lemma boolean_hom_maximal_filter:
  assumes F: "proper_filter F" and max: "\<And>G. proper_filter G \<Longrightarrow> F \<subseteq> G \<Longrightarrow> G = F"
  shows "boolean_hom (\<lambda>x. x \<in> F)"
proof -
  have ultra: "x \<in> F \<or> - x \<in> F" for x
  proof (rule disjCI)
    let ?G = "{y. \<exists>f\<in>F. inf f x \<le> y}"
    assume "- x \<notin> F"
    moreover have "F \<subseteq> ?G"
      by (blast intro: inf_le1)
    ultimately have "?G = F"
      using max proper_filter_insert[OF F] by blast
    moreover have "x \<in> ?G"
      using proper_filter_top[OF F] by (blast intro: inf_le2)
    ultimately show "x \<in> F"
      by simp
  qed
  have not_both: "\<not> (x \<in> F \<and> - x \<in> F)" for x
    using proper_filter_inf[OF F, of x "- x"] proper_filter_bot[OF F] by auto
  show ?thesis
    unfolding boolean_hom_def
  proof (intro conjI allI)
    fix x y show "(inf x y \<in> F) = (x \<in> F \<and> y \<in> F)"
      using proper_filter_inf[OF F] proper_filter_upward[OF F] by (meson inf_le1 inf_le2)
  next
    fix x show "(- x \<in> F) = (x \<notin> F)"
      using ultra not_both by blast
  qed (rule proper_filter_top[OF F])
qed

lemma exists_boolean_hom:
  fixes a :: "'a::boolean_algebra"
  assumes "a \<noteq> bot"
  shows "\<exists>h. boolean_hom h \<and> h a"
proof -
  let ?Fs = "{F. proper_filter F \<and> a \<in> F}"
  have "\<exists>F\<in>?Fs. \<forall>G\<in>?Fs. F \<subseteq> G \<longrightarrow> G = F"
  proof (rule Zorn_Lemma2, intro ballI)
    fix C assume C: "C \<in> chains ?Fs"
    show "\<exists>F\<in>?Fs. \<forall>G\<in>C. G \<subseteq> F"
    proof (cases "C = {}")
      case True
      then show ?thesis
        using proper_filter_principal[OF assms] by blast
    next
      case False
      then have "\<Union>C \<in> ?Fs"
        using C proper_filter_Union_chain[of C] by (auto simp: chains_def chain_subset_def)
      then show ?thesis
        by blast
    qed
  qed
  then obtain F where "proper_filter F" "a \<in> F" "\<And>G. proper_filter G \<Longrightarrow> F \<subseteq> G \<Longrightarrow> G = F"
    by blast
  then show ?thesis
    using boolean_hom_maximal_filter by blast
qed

==

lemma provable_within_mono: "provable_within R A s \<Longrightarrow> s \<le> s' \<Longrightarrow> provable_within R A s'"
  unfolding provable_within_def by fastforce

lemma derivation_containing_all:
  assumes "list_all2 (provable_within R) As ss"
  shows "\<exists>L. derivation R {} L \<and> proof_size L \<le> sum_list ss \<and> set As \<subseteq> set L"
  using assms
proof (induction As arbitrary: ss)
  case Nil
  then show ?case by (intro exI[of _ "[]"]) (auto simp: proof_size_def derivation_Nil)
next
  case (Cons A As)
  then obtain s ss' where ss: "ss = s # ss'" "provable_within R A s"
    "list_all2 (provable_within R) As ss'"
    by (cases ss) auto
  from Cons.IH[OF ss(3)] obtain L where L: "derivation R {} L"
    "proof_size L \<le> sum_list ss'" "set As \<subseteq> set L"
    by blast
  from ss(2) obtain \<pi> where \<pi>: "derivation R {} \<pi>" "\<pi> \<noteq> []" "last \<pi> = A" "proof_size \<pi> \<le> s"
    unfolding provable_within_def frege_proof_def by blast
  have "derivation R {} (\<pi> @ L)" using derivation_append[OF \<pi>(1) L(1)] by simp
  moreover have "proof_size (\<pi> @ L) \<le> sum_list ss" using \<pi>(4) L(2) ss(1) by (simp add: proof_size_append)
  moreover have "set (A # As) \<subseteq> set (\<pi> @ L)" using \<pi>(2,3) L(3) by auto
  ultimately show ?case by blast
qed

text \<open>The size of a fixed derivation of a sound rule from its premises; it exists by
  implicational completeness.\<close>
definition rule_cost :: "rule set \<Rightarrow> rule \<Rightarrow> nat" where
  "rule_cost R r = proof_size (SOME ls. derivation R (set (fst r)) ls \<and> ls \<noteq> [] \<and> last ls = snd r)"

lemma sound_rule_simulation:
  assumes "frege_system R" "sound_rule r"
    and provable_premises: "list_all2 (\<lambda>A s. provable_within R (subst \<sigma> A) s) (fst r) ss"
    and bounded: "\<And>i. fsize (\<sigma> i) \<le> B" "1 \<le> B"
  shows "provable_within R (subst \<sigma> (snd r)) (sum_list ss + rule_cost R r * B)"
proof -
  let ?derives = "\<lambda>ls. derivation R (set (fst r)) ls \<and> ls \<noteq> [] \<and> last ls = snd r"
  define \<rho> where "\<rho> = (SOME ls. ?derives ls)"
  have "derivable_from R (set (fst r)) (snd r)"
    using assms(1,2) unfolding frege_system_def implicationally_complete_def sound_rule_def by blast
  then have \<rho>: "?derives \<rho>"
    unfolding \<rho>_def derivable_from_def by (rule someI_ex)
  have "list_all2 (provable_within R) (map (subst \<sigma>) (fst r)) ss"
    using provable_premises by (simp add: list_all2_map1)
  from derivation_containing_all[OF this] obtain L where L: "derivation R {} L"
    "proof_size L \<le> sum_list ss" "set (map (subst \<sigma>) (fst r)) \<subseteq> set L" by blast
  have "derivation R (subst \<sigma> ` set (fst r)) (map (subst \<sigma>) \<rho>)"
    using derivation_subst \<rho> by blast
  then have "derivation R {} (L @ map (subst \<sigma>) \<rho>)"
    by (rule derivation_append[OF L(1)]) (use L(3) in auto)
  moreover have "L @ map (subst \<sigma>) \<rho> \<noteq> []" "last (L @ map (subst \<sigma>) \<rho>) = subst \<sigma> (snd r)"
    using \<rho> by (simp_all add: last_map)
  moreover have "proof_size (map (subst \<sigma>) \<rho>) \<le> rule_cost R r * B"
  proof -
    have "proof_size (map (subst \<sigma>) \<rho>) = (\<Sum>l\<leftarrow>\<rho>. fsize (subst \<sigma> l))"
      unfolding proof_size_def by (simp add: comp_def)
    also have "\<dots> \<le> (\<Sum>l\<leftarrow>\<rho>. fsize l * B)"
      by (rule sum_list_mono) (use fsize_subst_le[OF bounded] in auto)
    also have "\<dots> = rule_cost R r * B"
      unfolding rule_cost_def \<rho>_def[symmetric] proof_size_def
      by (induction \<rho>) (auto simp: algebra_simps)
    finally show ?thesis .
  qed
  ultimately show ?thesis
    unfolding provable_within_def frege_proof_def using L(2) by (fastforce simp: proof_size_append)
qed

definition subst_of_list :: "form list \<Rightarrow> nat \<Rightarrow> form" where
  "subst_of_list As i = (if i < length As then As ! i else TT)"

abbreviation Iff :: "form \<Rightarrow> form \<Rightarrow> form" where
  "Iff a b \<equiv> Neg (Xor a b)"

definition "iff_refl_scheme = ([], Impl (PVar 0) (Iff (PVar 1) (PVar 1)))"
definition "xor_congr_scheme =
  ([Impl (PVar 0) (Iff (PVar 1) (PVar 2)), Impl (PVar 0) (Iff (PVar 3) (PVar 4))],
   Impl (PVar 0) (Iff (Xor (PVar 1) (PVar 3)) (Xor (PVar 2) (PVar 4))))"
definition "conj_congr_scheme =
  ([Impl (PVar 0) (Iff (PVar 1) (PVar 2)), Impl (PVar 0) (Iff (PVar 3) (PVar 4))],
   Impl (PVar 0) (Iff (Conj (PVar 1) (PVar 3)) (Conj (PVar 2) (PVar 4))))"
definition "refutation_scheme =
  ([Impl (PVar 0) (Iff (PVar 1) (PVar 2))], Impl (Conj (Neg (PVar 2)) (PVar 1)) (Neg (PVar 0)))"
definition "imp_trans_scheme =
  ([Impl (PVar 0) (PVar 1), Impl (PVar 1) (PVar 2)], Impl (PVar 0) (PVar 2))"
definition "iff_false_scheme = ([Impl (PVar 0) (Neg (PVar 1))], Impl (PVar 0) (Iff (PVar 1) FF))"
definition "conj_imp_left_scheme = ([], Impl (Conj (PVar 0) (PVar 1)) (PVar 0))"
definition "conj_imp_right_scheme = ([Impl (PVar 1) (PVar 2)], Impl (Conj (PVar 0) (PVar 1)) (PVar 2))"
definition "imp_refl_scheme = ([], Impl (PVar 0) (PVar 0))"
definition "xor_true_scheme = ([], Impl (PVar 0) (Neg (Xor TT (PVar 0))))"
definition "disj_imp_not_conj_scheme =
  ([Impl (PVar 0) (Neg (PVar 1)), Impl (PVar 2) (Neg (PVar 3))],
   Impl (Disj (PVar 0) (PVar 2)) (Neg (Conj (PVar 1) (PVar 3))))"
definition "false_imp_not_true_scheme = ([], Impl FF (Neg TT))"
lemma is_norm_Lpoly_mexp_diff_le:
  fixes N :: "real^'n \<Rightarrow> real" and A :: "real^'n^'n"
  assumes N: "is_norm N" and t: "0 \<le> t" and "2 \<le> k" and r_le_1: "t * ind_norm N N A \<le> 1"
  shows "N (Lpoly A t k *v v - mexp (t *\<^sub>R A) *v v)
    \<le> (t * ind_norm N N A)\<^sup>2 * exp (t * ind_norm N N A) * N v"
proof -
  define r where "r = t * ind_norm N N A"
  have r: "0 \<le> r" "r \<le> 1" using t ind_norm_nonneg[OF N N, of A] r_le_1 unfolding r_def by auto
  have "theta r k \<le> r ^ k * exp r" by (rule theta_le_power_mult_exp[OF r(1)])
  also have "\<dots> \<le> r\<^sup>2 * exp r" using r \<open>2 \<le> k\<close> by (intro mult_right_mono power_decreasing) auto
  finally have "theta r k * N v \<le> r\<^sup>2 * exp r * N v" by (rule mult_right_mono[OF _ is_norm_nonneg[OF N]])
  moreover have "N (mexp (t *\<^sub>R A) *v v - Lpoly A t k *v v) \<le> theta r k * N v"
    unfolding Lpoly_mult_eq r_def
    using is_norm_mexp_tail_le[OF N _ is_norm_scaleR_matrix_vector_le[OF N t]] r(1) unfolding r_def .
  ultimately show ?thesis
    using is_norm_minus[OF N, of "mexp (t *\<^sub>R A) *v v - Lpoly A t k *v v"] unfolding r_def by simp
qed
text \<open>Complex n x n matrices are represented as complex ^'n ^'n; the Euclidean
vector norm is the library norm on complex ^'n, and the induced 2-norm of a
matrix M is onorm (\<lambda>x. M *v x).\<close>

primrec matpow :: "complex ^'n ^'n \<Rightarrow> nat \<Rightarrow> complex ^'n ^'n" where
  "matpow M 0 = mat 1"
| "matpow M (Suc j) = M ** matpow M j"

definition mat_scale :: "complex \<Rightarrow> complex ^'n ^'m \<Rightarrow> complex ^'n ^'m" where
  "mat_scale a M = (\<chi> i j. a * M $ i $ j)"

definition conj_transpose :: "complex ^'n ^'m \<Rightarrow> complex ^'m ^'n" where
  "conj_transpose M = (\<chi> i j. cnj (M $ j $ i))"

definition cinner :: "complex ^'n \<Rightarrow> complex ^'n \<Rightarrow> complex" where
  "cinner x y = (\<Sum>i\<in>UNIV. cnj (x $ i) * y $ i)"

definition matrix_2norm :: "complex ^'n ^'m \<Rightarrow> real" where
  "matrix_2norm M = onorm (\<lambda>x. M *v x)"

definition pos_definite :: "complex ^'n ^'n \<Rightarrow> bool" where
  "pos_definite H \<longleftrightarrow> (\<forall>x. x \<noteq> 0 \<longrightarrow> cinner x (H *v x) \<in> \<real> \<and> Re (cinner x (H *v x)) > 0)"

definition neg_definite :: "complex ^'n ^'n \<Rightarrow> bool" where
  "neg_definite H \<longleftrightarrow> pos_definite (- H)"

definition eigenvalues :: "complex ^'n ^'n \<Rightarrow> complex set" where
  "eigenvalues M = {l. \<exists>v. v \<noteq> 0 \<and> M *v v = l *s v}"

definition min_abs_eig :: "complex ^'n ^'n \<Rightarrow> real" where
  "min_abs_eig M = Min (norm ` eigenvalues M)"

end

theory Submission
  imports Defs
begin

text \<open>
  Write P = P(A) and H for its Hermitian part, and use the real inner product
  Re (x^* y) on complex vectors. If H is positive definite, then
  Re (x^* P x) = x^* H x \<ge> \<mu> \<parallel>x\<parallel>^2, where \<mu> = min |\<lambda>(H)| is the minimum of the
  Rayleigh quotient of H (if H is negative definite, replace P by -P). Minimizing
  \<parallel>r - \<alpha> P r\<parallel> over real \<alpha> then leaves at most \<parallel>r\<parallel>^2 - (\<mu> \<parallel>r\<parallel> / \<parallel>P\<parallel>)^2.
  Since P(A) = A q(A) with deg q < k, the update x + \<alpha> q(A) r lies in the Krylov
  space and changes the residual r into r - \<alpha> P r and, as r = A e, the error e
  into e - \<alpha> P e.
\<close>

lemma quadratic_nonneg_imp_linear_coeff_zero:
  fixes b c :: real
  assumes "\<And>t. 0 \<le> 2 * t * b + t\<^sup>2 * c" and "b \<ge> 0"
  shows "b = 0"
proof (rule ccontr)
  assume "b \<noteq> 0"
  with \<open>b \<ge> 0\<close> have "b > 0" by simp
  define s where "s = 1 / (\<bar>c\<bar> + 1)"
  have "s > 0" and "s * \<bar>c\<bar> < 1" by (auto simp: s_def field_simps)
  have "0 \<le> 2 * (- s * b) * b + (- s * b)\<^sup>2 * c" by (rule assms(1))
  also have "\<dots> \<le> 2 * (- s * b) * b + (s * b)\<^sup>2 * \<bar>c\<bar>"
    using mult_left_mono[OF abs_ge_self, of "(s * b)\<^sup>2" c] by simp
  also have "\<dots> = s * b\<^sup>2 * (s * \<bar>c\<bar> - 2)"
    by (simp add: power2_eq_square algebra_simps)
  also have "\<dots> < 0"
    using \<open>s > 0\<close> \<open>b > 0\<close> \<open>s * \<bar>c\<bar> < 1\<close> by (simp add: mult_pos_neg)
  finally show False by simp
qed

==

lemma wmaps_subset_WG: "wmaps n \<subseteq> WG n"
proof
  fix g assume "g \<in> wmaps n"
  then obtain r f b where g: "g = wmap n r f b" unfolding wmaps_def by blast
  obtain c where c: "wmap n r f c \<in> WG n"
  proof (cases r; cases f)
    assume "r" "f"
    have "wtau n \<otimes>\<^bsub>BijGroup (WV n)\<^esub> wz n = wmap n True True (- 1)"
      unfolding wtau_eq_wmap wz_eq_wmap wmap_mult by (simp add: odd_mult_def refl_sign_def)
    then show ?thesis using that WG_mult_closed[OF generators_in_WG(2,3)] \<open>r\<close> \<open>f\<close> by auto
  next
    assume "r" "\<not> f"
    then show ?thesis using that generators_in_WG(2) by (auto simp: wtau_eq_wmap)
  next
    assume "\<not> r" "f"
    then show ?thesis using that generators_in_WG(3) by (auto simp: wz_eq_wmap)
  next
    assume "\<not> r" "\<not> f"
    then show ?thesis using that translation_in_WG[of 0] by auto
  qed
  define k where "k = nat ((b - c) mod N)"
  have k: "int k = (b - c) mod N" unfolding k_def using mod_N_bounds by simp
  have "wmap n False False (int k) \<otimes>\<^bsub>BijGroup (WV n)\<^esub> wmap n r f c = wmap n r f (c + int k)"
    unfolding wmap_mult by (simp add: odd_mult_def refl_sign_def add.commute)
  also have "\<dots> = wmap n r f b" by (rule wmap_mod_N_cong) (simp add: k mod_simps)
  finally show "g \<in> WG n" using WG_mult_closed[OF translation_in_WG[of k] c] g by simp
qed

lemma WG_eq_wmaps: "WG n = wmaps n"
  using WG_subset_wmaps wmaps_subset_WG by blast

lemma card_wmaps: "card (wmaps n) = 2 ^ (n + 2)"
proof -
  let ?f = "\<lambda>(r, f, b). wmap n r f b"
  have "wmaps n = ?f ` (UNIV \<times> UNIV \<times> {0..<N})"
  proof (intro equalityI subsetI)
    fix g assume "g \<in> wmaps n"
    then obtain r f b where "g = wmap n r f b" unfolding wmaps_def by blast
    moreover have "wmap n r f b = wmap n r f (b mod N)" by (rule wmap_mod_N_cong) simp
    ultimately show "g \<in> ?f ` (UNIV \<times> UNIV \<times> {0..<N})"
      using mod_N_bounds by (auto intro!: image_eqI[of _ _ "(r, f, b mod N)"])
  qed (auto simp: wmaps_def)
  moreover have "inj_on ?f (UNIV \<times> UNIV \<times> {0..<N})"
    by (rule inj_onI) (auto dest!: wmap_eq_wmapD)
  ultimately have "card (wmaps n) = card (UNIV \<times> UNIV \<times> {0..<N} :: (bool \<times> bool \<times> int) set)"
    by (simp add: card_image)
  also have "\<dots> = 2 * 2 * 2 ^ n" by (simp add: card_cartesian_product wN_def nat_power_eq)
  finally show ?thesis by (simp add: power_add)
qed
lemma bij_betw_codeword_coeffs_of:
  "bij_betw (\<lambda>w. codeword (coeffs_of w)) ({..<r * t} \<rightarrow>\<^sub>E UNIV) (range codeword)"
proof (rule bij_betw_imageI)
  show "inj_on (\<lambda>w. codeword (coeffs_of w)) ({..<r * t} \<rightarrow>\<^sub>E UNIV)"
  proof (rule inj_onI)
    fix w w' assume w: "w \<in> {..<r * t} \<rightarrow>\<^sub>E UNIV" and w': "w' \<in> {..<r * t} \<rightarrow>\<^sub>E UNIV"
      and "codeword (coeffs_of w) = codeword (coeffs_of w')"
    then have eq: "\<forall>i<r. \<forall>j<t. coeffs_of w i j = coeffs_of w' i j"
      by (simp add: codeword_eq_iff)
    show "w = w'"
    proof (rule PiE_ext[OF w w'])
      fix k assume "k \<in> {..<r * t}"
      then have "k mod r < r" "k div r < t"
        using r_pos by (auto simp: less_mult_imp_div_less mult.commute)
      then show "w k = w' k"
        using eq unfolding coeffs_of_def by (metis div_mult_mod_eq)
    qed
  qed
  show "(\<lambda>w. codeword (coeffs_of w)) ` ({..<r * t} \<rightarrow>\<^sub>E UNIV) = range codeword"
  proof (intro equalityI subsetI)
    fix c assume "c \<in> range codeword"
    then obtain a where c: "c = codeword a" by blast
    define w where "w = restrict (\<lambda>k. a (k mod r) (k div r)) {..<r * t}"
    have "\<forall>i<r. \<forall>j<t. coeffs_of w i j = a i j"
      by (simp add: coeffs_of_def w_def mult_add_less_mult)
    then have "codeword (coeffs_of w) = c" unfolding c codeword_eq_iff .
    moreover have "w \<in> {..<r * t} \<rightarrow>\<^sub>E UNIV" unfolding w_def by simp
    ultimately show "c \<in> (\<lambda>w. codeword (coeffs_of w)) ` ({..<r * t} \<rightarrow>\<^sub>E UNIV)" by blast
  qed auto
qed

WHAT IS BEING ASKED:
Among the lines of the listing above, tally the ones holding the string "induction" and give that count alone.

RESULT BELOW:
2